• **TRY IT**
Look at the entries below and reproduce them exactly.

= = = =

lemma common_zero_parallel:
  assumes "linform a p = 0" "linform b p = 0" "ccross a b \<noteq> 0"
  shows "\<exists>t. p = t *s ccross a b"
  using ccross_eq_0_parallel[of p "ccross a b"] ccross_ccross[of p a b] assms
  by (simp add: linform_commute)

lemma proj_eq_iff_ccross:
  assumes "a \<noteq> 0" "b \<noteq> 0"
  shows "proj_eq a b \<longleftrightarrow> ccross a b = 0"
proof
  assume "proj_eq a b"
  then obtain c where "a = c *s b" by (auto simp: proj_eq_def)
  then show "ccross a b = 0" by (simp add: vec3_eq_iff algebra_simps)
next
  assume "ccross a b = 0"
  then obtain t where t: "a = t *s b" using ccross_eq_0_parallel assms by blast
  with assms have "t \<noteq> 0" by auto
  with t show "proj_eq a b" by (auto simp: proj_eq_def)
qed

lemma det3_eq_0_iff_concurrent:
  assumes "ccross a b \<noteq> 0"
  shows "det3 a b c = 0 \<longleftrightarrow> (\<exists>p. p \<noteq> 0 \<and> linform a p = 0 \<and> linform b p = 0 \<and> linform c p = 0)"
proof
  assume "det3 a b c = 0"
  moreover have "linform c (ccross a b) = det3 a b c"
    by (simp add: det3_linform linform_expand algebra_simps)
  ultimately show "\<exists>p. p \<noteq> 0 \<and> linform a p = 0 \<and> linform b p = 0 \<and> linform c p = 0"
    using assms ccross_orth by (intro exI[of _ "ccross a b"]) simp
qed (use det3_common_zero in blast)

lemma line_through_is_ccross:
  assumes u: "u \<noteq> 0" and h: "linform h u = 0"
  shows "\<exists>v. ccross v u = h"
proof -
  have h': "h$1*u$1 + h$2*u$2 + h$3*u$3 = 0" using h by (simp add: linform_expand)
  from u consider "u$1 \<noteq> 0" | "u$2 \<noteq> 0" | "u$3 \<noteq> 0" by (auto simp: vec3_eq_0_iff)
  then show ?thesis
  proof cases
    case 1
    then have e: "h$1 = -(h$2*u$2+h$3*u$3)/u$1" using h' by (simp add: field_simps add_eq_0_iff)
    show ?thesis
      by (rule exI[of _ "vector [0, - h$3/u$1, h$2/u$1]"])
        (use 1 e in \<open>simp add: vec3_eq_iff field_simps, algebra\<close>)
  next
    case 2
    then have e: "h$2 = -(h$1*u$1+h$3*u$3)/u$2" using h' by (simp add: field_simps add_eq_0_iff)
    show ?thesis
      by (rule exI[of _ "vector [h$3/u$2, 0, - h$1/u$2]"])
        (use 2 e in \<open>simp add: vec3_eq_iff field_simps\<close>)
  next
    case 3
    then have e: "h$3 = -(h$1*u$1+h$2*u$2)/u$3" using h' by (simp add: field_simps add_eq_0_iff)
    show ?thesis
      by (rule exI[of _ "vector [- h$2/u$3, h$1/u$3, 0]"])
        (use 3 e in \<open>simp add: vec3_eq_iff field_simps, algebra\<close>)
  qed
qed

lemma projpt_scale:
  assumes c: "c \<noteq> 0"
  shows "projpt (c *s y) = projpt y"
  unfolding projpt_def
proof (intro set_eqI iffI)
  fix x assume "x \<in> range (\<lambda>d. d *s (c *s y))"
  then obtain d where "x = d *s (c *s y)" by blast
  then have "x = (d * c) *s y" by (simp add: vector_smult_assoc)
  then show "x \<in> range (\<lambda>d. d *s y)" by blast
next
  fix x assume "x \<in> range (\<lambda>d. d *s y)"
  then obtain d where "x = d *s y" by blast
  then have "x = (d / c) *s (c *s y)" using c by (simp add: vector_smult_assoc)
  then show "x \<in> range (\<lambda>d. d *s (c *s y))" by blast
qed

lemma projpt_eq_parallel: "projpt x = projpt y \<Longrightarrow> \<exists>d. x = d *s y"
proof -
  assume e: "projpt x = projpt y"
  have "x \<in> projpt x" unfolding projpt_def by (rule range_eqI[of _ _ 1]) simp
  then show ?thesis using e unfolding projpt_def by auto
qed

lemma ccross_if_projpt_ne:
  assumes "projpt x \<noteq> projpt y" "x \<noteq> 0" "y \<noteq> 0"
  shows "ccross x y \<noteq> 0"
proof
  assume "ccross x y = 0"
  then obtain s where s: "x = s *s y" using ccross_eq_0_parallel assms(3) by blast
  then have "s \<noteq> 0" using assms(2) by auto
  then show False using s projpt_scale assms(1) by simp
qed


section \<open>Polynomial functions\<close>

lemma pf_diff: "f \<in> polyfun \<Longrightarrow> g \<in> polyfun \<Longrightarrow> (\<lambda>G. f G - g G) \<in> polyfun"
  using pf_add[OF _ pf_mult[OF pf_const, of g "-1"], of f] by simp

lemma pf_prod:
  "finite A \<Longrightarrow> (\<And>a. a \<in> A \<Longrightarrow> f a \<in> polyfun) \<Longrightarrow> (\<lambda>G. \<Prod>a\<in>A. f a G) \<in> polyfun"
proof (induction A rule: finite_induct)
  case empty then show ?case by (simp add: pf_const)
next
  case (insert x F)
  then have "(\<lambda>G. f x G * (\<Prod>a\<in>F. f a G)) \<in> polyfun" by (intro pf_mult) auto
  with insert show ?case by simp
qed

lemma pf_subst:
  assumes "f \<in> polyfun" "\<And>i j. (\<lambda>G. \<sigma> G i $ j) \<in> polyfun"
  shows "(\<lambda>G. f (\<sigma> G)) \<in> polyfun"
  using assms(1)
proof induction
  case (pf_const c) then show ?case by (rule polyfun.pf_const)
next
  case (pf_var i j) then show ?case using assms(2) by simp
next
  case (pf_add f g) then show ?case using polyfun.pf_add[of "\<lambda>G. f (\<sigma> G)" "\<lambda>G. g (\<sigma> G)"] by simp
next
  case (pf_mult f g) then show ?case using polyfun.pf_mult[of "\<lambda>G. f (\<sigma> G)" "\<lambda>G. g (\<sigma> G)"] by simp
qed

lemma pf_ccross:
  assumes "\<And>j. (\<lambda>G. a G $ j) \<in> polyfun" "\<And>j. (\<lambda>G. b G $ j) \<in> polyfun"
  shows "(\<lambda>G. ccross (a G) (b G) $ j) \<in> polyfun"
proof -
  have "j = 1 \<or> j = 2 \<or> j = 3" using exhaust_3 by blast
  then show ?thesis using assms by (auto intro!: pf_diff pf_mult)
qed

= = = =

• **TASK SOLUTION**
lemma common_zero_parallel:
  assumes "linform a p = 0" "linform b p = 0" "ccross a b \<noteq> 0"
  shows "\<exists>t. p = t *s ccross a b"
  using ccross_eq_0_parallel[of p "ccross a b"] ccross_ccross[of p a b] assms
  by (simp add: linform_commute)

lemma proj_eq_iff_ccross:
  assumes "a \<noteq> 0" "b \<noteq> 0"
  shows "proj_eq a b \<longleftrightarrow> ccross a b = 0"
proof
  assume "proj_eq a b"
  then obtain c where "a = c *s b" by (auto simp: proj_eq_def)
  then show "ccross a b = 0" by (simp add: vec3_eq_iff algebra_simps)
next
  assume "ccross a b = 0"
  then obtain t where t: "a = t *s b" using ccross_eq_0_parallel assms by blast
  with assms have "t \<noteq> 0" by auto
  with t show "proj_eq a b" by (auto simp: proj_eq_def)
qed

lemma det3_eq_0_iff_concurrent:
  assumes "ccross a b \<noteq> 0"
  shows "det3 a b c = 0 \<longleftrightarrow> (\<exists>p. p \<noteq> 0 \<and> linform a p = 0 \<and> linform b p = 0 \<and> linform c p = 0)"
proof
  assume "det3 a b c = 0"
  moreover have "linform c (ccross a b) = det3 a b c"
    by (simp add: det3_linform linform_expand algebra_simps)
  ultimately show "\<exists>p. p \<noteq> 0 \<and> linform a p = 0 \<and> linform b p = 0 \<and> linform c p = 0"
    using assms ccross_orth by (intro exI[of _ "ccross a b"]) simp
qed (use det3_common_zero in blast)

lemma line_through_is_ccross:
  assumes u: "u \<noteq> 0" and h: "linform h u = 0"
  shows "\<exists>v. ccross v u = h"
proof -
  have h': "h$1*u$1 + h$2*u$2 + h$3*u$3 = 0" using h by (simp add: linform_expand)
  from u consider "u$1 \<noteq> 0" | "u$2 \<noteq> 0" | "u$3 \<noteq> 0" by (auto simp: vec3_eq_0_iff)
  then show ?thesis
  proof cases
    case 1
    then have e: "h$1 = -(h$2*u$2+h$3*u$3)/u$1" using h' by (simp add: field_simps add_eq_0_iff)
    show ?thesis
      by (rule exI[of _ "vector [0, - h$3/u$1, h$2/u$1]"])
        (use 1 e in \<open>simp add: vec3_eq_iff field_simps, algebra\<close>)
  next
    case 2
    then have e: "h$2 = -(h$1*u$1+h$3*u$3)/u$2" using h' by (simp add: field_simps add_eq_0_iff)
    show ?thesis
      by (rule exI[of _ "vector [h$3/u$2, 0, - h$1/u$2]"])
        (use 2 e in \<open>simp add: vec3_eq_iff field_simps\<close>)
  next
    case 3
    then have e: "h$3 = -(h$1*u$1+h$2*u$2)/u$3" using h' by (simp add: field_simps add_eq_0_iff)
    show ?thesis
      by (rule exI[of _ "vector [- h$2/u$3, h$1/u$3, 0]"])
        (use 3 e in \<open>simp add: vec3_eq_iff field_simps, algebra\<close>)
  qed
qed

lemma projpt_scale:
  assumes c: "c \<noteq> 0"
  shows "projpt (c *s y) = projpt y"
  unfolding projpt_def
proof (intro set_eqI iffI)
  fix x assume "x \<in> range (\<lambda>d. d *s (c *s y))"
  then obtain d where "x = d *s (c *s y)" by blast
  then have "x = (d * c) *s y" by (simp add: vector_smult_assoc)
  then show "x \<in> range (\<lambda>d. d *s y)" by blast
next
  fix x assume "x \<in> range (\<lambda>d. d *s y)"
  then obtain d where "x = d *s y" by blast
  then have "x = (d / c) *s (c *s y)" using c by (simp add: vector_smult_assoc)
  then show "x \<in> range (\<lambda>d. d *s (c *s y))" by blast
qed

lemma projpt_eq_parallel: "projpt x = projpt y \<Longrightarrow> \<exists>d. x = d *s y"
proof -
  assume e: "projpt x = projpt y"
  have "x \<in> projpt x" unfolding projpt_def by (rule range_eqI[of _ _ 1]) simp
  then show ?thesis using e unfolding projpt_def by auto
qed

lemma ccross_if_projpt_ne:
  assumes "projpt x \<noteq> projpt y" "x \<noteq> 0" "y \<noteq> 0"
  shows "ccross x y \<noteq> 0"
proof
  assume "ccross x y = 0"
  then obtain s where s: "x = s *s y" using ccross_eq_0_parallel assms(3) by blast
  then have "s \<noteq> 0" using assms(2) by auto
  then show False using s projpt_scale assms(1) by simp
qed


section \<open>Polynomial functions\<close>

lemma pf_diff: "f \<in> polyfun \<Longrightarrow> g \<in> polyfun \<Longrightarrow> (\<lambda>G. f G - g G) \<in> polyfun"
  using pf_add[OF _ pf_mult[OF pf_const, of g "-1"], of f] by simp

lemma pf_prod:
  "finite A \<Longrightarrow> (\<And>a. a \<in> A \<Longrightarrow> f a \<in> polyfun) \<Longrightarrow> (\<lambda>G. \<Prod>a\<in>A. f a G) \<in> polyfun"
proof (induction A rule: finite_induct)
  case empty then show ?case by (simp add: pf_const)
next
  case (insert x F)
  then have "(\<lambda>G. f x G * (\<Prod>a\<in>F. f a G)) \<in> polyfun" by (intro pf_mult) auto
  with insert show ?case by simp
qed

lemma pf_subst:
  assumes "f \<in> polyfun" "\<And>i j. (\<lambda>G. \<sigma> G i $ j) \<in> polyfun"
  shows "(\<lambda>G. f (\<sigma> G)) \<in> polyfun"
  using assms(1)
proof induction
  case (pf_const c) then show ?case by (rule polyfun.pf_const)
next
  case (pf_var i j) then show ?case using assms(2) by simp
next
  case (pf_add f g) then show ?case using polyfun.pf_add[of "\<lambda>G. f (\<sigma> G)" "\<lambda>G. g (\<sigma> G)"] by simp
next
  case (pf_mult f g) then show ?case using polyfun.pf_mult[of "\<lambda>G. f (\<sigma> G)" "\<lambda>G. g (\<sigma> G)"] by simp
qed

lemma pf_ccross:
  assumes "\<And>j. (\<lambda>G. a G $ j) \<in> polyfun" "\<And>j. (\<lambda>G. b G $ j) \<in> polyfun"
  shows "(\<lambda>G. ccross (a G) (b G) $ j) \<in> polyfun"
proof -
  have "j = 1 \<or> j = 2 \<or> j = 3" using exhaust_3 by blast
  then show ?thesis using assms by (auto intro!: pf_diff pf_mult)
qed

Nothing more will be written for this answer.